[Items from a data source]
· · ·

(* Let $Z$ be a decision structure and $P$ a modular partition of $N(Z)$. Then the quotient $Z/P$ is a decision structure (in particular it is acyclic, has a unique source, and no two arcs leaving the same node share a label; and there is at most one arc between any ordered pair of blocks). Moreover, if $P$ is a maximal partition, then $Z/P$ is prime.
   Context: A decision structure is a finite directed acyclic graph $Z=(N,A)$, $A\subseteq N\times N$, with a unique source (node with no incoming arc), together with an arc labelling $\ell:A\to\mathcal{R}$ (into a set $\mathcal{R}$ of return values) and a node labelling by actions, such that distinct arcs leaving the same node have distinct labels; the arc out of $v$ labelled $r$, if it exists, is the $r$-arc out of $v$. For $X\subseteq N$, $Z[X]$ is the induced subgraph with inherited labels. A subset $X\subseteq N(Z)$ is a module of $Z$ if $Z[X]$ has a unique source (so is a decision structure) and for every node $v\notin X$: (i) every arc from $v$ to a node of $X$ ends at the source of $Z[X]$; (ii) if for some $x\in X$ there is an arc from $x$ to $v$ labelled $r$, then every $x'\in X$ has an $r$-arc, and this arc ends either at $v$ or at a node of $X$. The modules $N(Z)$ and $\{v\}$ ($v\in N(Z)$) are trivial; $Z$ is prime if all its modules are trivial. A module is maximal if it is a proper subset of $N(Z)$ and is contained in no module other than itself and $N(Z)$. A modular partition is a partition of $N(Z)$ all of whose blocks are modules; it is a maximal partition if all blocks are maximal modules. For a partition $P$ of $N(Z)$, the quotient $Z/P$ is the arc-labelled graph with node set $P$ having an arc $(S,T)$, $S\neq T$, labelled $r$ whenever some arc labelled $r$ goes from a node of $S$ to a node of $T$ (node labels of the quotient are immaterial here). The graphs $Z[S]$, $S\in P$, are the factors. *)

theory Defs
  imports Main "HOL-Library.Disjoint_Sets"
begin

text \<open>The paper's arc set
  A is the set of pairs (u,v) occurring in E; A \<subseteq> N \<times> N and the labelling is a
  function on A, i.e. at most one label (= at most one arc) per ordered pair.
  Node labels (actions) play no role in modules or quotients and are omitted.\<close>

definition arc_rel :: "('a \<times> 'r \<times> 'a) set \<Rightarrow> ('a \<times> 'a) set" where
  "arc_rel E = {(u, v). \<exists>r. (u, r, v) \<in> E}"

definition is_source :: "'a set \<Rightarrow> ('a \<times> 'r \<times> 'a) set \<Rightarrow> 'a \<Rightarrow> bool" where
  "is_source N E s \<longleftrightarrow> s \<in> N \<and> (\<forall>u r. (u, r, s) \<notin> E)"

definition decision_structure :: "'a set \<Rightarrow> ('a \<times> 'r \<times> 'a) set \<Rightarrow> bool" where
  "decision_structure N E \<longleftrightarrow>
     finite N \<and>
     E \<subseteq> N \<times> UNIV \<times> N \<and>
     (\<forall>u v r r'. (u, r, v) \<in> E \<longrightarrow> (u, r', v) \<in> E \<longrightarrow> r = r') \<and>
     acyclic (arc_rel E) \<and>
     (\<exists>!s. is_source N E s) \<and>
     (\<forall>v r w w'. (v, r, w) \<in> E \<longrightarrow> (v, r, w') \<in> E \<longrightarrow> w = w')"

definition induced_arcs :: "('a \<times> 'r \<times> 'a) set \<Rightarrow> 'a set \<Rightarrow> ('a \<times> 'r \<times> 'a) set" where
  "induced_arcs E X = {(u, r, v). (u, r, v) \<in> E \<and> u \<in> X \<and> v \<in> X}"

· · ·

#### [WHAT TO DO]
Restate word for word the lines above, beginning with the one that contains "finite N \<and>" and ending with the last line.

#### [RESULT BELOW]
     finite N \<and>
     E \<subseteq> N \<times> UNIV \<times> N \<and>
     (\<forall>u v r r'. (u, r, v) \<in> E \<longrightarrow> (u, r', v) \<in> E \<longrightarrow> r = r') \<and>
     acyclic (arc_rel E) \<and>
     (\<exists>!s. is_source N E s) \<and>
     (\<forall>v r w w'. (v, r, w) \<in> E \<longrightarrow> (v, r, w') \<in> E \<longrightarrow> w = w')"

definition induced_arcs :: "('a \<times> 'r \<times> 'a) set \<Rightarrow> 'a set \<Rightarrow> ('a \<times> 'r \<times> 'a) set" where
  "induced_arcs E X = {(u, r, v). (u, r, v) \<in> E \<and> u \<in> X \<and> v \<in> X}"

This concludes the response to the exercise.